Separating Unique and Duplicate Observations Using PROC SORT in SAS 9.3 and Newer Versions
April 10, 2015 4 Comments
As Fareeza Khurshed commented in my previous blog post, there is a new option in SAS 9.3 and later versions that allows sorting and the identification of duplicates to be done in one step. My previous trick uses FIRST.variable and LAST.variable to separate the unique observations from the duplicate observations, but that requires sorting the data set first before using the DATA step to do the separation. If you have SAS 9.3 or a newer version, here is an example of doing it in one step using PROC SORT.

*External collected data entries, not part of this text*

lemma Cauchy_integral_grid_square:
  assumes h: "h > 0" and y: "y \<in> grid_box h s0"
    and sV: "grid_square h s \<subseteq> V" and \<phi>: "\<phi> holomorphic_on V"
  shows "contour_integral (rectpath (grid_corner h s) (grid_corner h (fst s + 1, snd s + 1))) (\<lambda>\<zeta>. \<phi> \<zeta> / (\<zeta> - y))
       = (if s = s0 then 2 * pi * \<i> * \<phi> y else 0)"
proof -
  let ?R = "rectpath (grid_corner h s) (grid_corner h (fst s + 1, snd s + 1))"
  have pim: "path_image ?R = grid_square h s - grid_box h s"
    unfolding grid_square_def grid_box_def by (rule path_image_rectpath_cbox_minus_box[OF grid_corner_le[OF h]])
  have hol: "\<phi> holomorphic_on grid_square h s" using \<phi> sV by (rule holomorphic_on_subset)
  have cvx: "convex (grid_square h s)" unfolding grid_square_def by (rule convex_box)
  show ?thesis
  proof (cases "s = s0")
    case True
    have yb: "y \<in> box (grid_corner h s) (grid_corner h (fst s + 1, snd s + 1))"
      using y True by (simp add: grid_box_def)
    have "((\<lambda>\<zeta>. \<phi> \<zeta> / (\<zeta> - y)) has_contour_integral (2*pi * \<i> * winding_number ?R y * \<phi> y)) ?R"
      using pim y True yb
      by (intro Cauchy_integral_formula_convex_simple[OF cvx hol]) (auto simp: grid_square_def)
    moreover have "winding_number ?R y = 1" by (rule winding_number_rectpath[OF yb])
    ultimately show ?thesis using True by (simp add: contour_integral_unique)
  next
    case False
    have "y \<notin> grid_square h s" using grid_box_unique[OF h y] False by blast
    then have "((\<lambda>\<zeta>. \<phi> \<zeta> / (\<zeta> - y)) has_contour_integral 0) ?R"
      using pim by (intro Cauchy_theorem_convex_simple[OF _ cvx]) (auto intro!: holomorphic_intros hol)
    then show ?thesis using False by (simp add: contour_integral_unique)
  qed
qed

lemma sum_involution_neg_eq_0:
  fixes I :: "'a \<Rightarrow> 'b::real_vector"
  assumes "finite A" "\<And>x. x \<in> A \<Longrightarrow> r x \<in> A" "\<And>x. x \<in> A \<Longrightarrow> r (r x) = x"
    "\<And>x. x \<in> A \<Longrightarrow> I (r x) = - I x"
  shows "(\<Sum>x\<in>A. I x) = 0"
proof -
  have "bij_betw r A A"
    by (rule bij_betwI[where g=r]) (use assms in auto)
  then have "(\<Sum>x\<in>A. I x) = (\<Sum>x\<in>A. I (r x))" by (rule sum.reindex_bij_betw[symmetric])
  also have "\<dots> = - (\<Sum>x\<in>A. I x)" using assms(4) by (simp add: sum_negf)
  finally have "2 *\<^sub>R (\<Sum>x\<in>A. I x) = 0" by (simp add: scaleR_2 eq_neg_iff_add_eq_0)
  then show ?thesis by simp
qed

lemma Cauchy_integral_boundary_edges:
  assumes h: "h > 0" and F: "finite F" and s0: "s0 \<in> F" and y: "y \<in> grid_box h s0"
    and FV: "\<And>s. s \<in> F \<Longrightarrow> grid_square h s \<subseteq> V" and \<phi>: "\<phi> holomorphic_on V"
  shows "(\<Sum>e\<in>boundary_edges F.
            contour_integral (linepath (grid_corner h (fst e)) (grid_corner h (snd e))) (\<lambda>\<zeta>. \<phi> \<zeta> / (\<zeta> - y)))
         = 2 * pi * \<i> * \<phi> y"
proof -
  define I where "I = (\<lambda>e. contour_integral (linepath (grid_corner h (fst e)) (grid_corner h (snd e)))
                          (\<lambda>\<zeta>. \<phi> \<zeta> / (\<zeta> - y)))"
  define D where "D = (\<Union>s\<in>F. square_edges s)"
  define Din where "Din = {e \<in> D. prod.swap e \<in> D}"
  have finD: "finite D" unfolding D_def using F by simp
  have cont: "continuous_on (grid_segment h e) (\<lambda>\<zeta>. \<phi> \<zeta> / (\<zeta> - y))" if "e \<in> square_edges s" "s \<in> F" for e s
  proof -
    have "y \<notin> grid_segment h e"
    proof (cases "s = s0")
      case True
      then show ?thesis using grid_segment_disjoint_box[OF h that(1)] y by blast
    next
      case False
      then show ?thesis using grid_box_unique[OF h y] grid_segment_subset_square[OF h that(1)] by blast
    qed
    moreover have "continuous_on (grid_segment h e) \<phi>"
      using holomorphic_on_imp_continuous_on[OF \<phi>] grid_segment_subset_square[OF h that(1)] FV[OF that(2)]
      by (blast intro: continuous_on_subset)
    ultimately show ?thesis by (intro continuous_intros) auto
  qed
  have "2 * pi * \<i> * \<phi> y = (\<Sum>s\<in>F. if s = s0 then 2 * pi * \<i> * \<phi> y else 0)"
    using F s0 by simp
  also have "\<dots> = (\<Sum>s\<in>F. contour_integral (rectpath (grid_corner h s) (grid_corner h (fst s + 1, snd s + 1)))
                          (\<lambda>\<zeta>. \<phi> \<zeta> / (\<zeta> - y)))"
    using Cauchy_integral_grid_square[OF h y FV \<phi>] by simp
  also have "\<dots> = (\<Sum>s\<in>F. \<Sum>e\<in>square_edges s. I e)"
    unfolding I_def using cont h by (intro sum.cong refl contour_integral_grid_rectpath) auto
  also have "\<dots> = (\<Sum>e\<in>D. I e)"
    unfolding D_def by (rule sum.UNION_disjoint[symmetric]) (use F square_edges_unique in auto)
  also have "\<dots> = (\<Sum>e\<in>boundary_edges F. I e) + (\<Sum>e\<in>Din. I e)"
  proof -
    have "D = boundary_edges F \<union> Din" "boundary_edges F \<inter> Din = {}"
      unfolding boundary_edges_def Din_def D_def by auto
    then show ?thesis using finD by (simp add: sum.union_disjoint)
  qed
  also have "(\<Sum>e\<in>Din. I e) = 0"
  \<comment> \<open>interior edges are traversed once in each direction\<close>
  proof (rule sum_involution_neg_eq_0[where r=prod.swap])
    show "finite Din" using finD unfolding Din_def by simp
    show "I (prod.swap e) = - I e" if e: "e \<in> Din" for e
    proof -
      obtain s where s: "s \<in> F" "e \<in> square_edges s" using e unfolding Din_def D_def by blast
      show ?thesis unfolding I_def
        using contour_integral_reverse_linepath[OF cont[OF s(2,1), unfolded grid_segment_def]] by simp
    qed
  qed (auto simp: Din_def)
  finally show ?thesis unfolding I_def by simp
qed

lemma boundary_edge_outer_square:
  assumes h: "h > 0" and e: "e \<in> boundary_edges F"
  obtains s' where "s' \<notin> F" "grid_segment h e \<subseteq> grid_square h s'"
proof -
  obtain s where "e \<in> square_edges s" using e unfolding boundary_edges_def by blast
  then obtain s' where s': "prod.swap e \<in> square_edges s'" using swap_square_edge by blast
  then have "s' \<notin> F" using e unfolding boundary_edges_def by blast
  moreover have "grid_segment h e \<subseteq> grid_square h s'"
    using grid_segment_subset_square[OF h s'] by (simp add: grid_segment_swap)
  ultimately show ?thesis by (rule that)
qed

lemma closure_grid_box: "h > 0 \<Longrightarrow> closure (grid_box h s) = grid_square h s"
  unfolding grid_box_def grid_square_def
  by (intro closure_box) (auto simp: box_ne_empty Basis_complex_def)

lemma in_grid_square_floor: "h > 0 \<Longrightarrow> w \<in> grid_square h (\<lfloor>Re w / h\<rfloor>, \<lfloor>Im w / h\<rfloor>)"
  unfolding in_grid_square
  by (auto simp: pos_le_divide_eq[symmetric] pos_divide_le_eq[symmetric] less_imp_le[OF real_of_int_floor_add_one_gt])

There is a data set called ADOMSG in the SASHELP library that is built into SAS. It has an identifier called MSGID, and there are duplicates by MSGID. Let’s create 2 data sets out of SASHELP.ADOMSG:
- DUPLICATES for storing the duplicate observations
- SINGLES for storing the unique observations
proc sort data = sashelp.adomsg out = duplicates uniqueout = singles nouniquekey; by msgid; run;
Here is the log:
NOTE: There were 459 observations read from the data set SASHELP.ADOMSG. NOTE: 300 observations with unique key values were deleted. NOTE: The data set WORK.DUPLICATES has 159 observations and 6 variables. NOTE: The data set WORK.SINGLES has 300 observations and 6 variables. NOTE: PROCEDURE SORT used (Total process time): real time 0.28 seconds cpu time 0.00 seconds
Note that the number of observations in WORK.DUPLICATES and WORK.SINGLES add to 459, the total number of observations in the original data set.
In addition to Fareeza, I also thank CB for sharing this tip.